> **Entries provided**:
lemma sset_pushout:
  assumes B: "sset B" and C: "sset C" and X: "sset X" and g: "smap C B g" and f: "smap C X f"
  shows "sset (pushout B C X g f)"
proof -
  let ?Y = "pushout B C X g f" and ?P = "po_rel B C X g f"
  have cls: "\<exists>u \<in> sx B n <+> sx X n. c = ?P n `` {u}" if "c \<in> sx ?Y n" for c n
    using that unfolding pushout_sx by (auto elim: quotientE)
  note sop_cls = pushout_sop[OF B C X g f]
  show ?thesis
    unfolding sset_def
  proof (intro conjI allI impI)
    fix n m \<alpha> c assume \<alpha>: "opr m n \<alpha>" and "c \<in> sx ?Y n"
    with cls obtain u where u: "u \<in> sx B n <+> sx X n" and c: "c = ?P n `` {u}" by blast
    show "sop ?Y n m \<alpha> c \<in> sx ?Y m"
      unfolding c sop_cls[OF \<alpha> u] pushout_sx by (intro quotientI map_sum_sop_in[OF B X \<alpha> u])
  next
    fix n c assume "c \<in> sx ?Y n"
    with cls obtain u where u: "u \<in> sx B n <+> sx X n" and c: "c = ?P n `` {u}" by blast
    have "map_sum (sop B n n id) (sop X n n id) u = u"
      using u by (auto simp: sset_id[OF B] sset_id[OF X])
    then show "sop ?Y n n id c = c" unfolding c sop_cls[OF opr_id u] by simp
  next
    fix n m k \<alpha> \<beta> c assume \<alpha>: "opr m n \<alpha>" and \<beta>: "opr k m \<beta>" and "c \<in> sx ?Y n"
    with cls obtain u where u: "u \<in> sx B n <+> sx X n" and c: "c = ?P n `` {u}" by blast
    have "map_sum (sop B m k \<beta>) (sop X m k \<beta>) (map_sum (sop B n m \<alpha>) (sop X n m \<alpha>) u)
        = map_sum (sop B n k (\<alpha> \<circ> \<beta>)) (sop X n k (\<alpha> \<circ> \<beta>)) u"
      using u by (auto simp: sset_comp[OF B \<alpha> \<beta>] sset_comp[OF X \<alpha> \<beta>])
    then show "sop ?Y m k \<beta> (sop ?Y n m \<alpha> c) = sop ?Y n k (\<alpha> \<circ> \<beta>) c"
      unfolding c sop_cls[OF \<alpha> u] sop_cls[OF \<beta> map_sum_sop_in[OF B X \<alpha> u]]
        sop_cls[OF opr_comp[OF \<beta> \<alpha>] u] by simp
  next
    fix n m :: nat and \<alpha> \<alpha>' :: "nat \<Rightarrow> nat" and c
    assume eq: "\<forall>i\<le>m. \<alpha> i = \<alpha>' i" and "c \<in> sx ?Y n"
    with cls obtain u where u: "u \<in> sx B n <+> sx X n" and c: "c = ?P n `` {u}" by blast
    have "u \<in> c" unfolding c using equiv_po_rel[OF g f] u by (rule equiv_class_self)
    then have "(SOME v. v \<in> c) \<in> c" by (rule someI)
    then have v: "(SOME v. v \<in> c) \<in> sx B n <+> sx X n"
      unfolding c po_rel_eq by blast
    have "sop B n m \<alpha> b = sop B n m \<alpha>' b" if "b \<in> sx B n" for b
      using B _ that by (rule sset_cong) (simp add: eq)
    moreover have "sop X n m \<alpha> y = sop X n m \<alpha>' y" if "y \<in> sx X n" for y
      using X _ that by (rule sset_cong) (simp add: eq)
    ultimately show "sop ?Y n m \<alpha> c = sop ?Y n m \<alpha>' c"
      using v unfolding pushout_def by auto
  qed
qed

definition po_desc :: "(nat \<Rightarrow> 'b \<Rightarrow> 'd) \<Rightarrow> (nat \<Rightarrow> 'a \<Rightarrow> 'd) \<Rightarrow> nat \<Rightarrow> ('b + 'a) set \<Rightarrow> 'd" where
  "po_desc hB hX n y = case_sum (hB n) (hX n) (SOME u. u \<in> y)"

lemma po_desc_class:
  assumes g: "smap C B g" and f: "smap C X f"
    and compat: "\<And>c. c \<in> sx C n \<Longrightarrow> hB n (g n c) = hX n (f n c)"
    and u: "u \<in> sx B n <+> sx X n"
  shows "po_desc hB hX n (po_rel B C X g f n `` {u}) = case_sum (hB n) (hX n) u"
proof -
  let ?P = "po_rel B C X g f n"
  have "u \<in> ?P `` {u}" using equiv_po_rel[OF g f] u by (rule equiv_class_self)
  then have "(u, SOME v. v \<in> ?P `` {u}) \<in> ?P" by (metis Image_singleton_iff someI)
  then have "(u, SOME v. v \<in> ?P `` {u}) \<in> (po_gen C g f n \<union> (po_gen C g f n)\<inverse>)\<^sup>*"
    unfolding po_rel_eq by blast
  then have "case_sum (hB n) (hX n) u = case_sum (hB n) (hX n) (SOME v. v \<in> ?P `` {u})"
    by (rule rtrancl_Un_converse_invariant[rotated]) (auto simp: po_gen_def compat)
  then show ?thesis unfolding po_desc_def by simp
qed

section \<open>The enforcer pushout\<close>

lemma sset_enf_B: "sset (enf_B X S)"
  unfolding enf_B_def by (rule sset_coprod_delta)

lemma sset_enf_C: "sset (enf_C S)"
  unfolding enf_C_def by (rule sset_coprod_delta)

lemma smap_enf_g: "smap (enf_C S) (enf_B X S) (enf_g X)"
  unfolding smap_def
proof (intro conjI allI impI)
  fix n c assume "c \<in> sx (enf_C S) n"
  then show "enf_g X n c \<in> sx (enf_B X S) n"
    by (auto simp: enf_C_def enf_B_def coprod_delta_def enf_g_def cut_rho_comp_in_delta)
next
  fix n m \<beta> c assume \<beta>: "opr m n \<beta>"
  have "cut m (h \<circ> cut m (\<alpha> \<circ> \<beta>)) = cut m (cut n (h \<circ> \<alpha>) \<circ> \<beta>)" for h \<alpha> :: "nat \<Rightarrow> nat"
    unfolding cut_comp_cut[OF \<beta>] by (rule cut_cong) (simp add: cut_def)
  then show "enf_g X m (sop (enf_C S) n m \<beta> c) = sop (enf_B X S) n m \<beta> (enf_g X n c)"
    by (simp add: enf_C_def enf_B_def coprod_delta_def enf_g_def split: prod.split)
qed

> **Task to carry out**: Establish how many lines of the entries hold the word "impI", giving nothing but the number.

> **Result of this exercise**: 2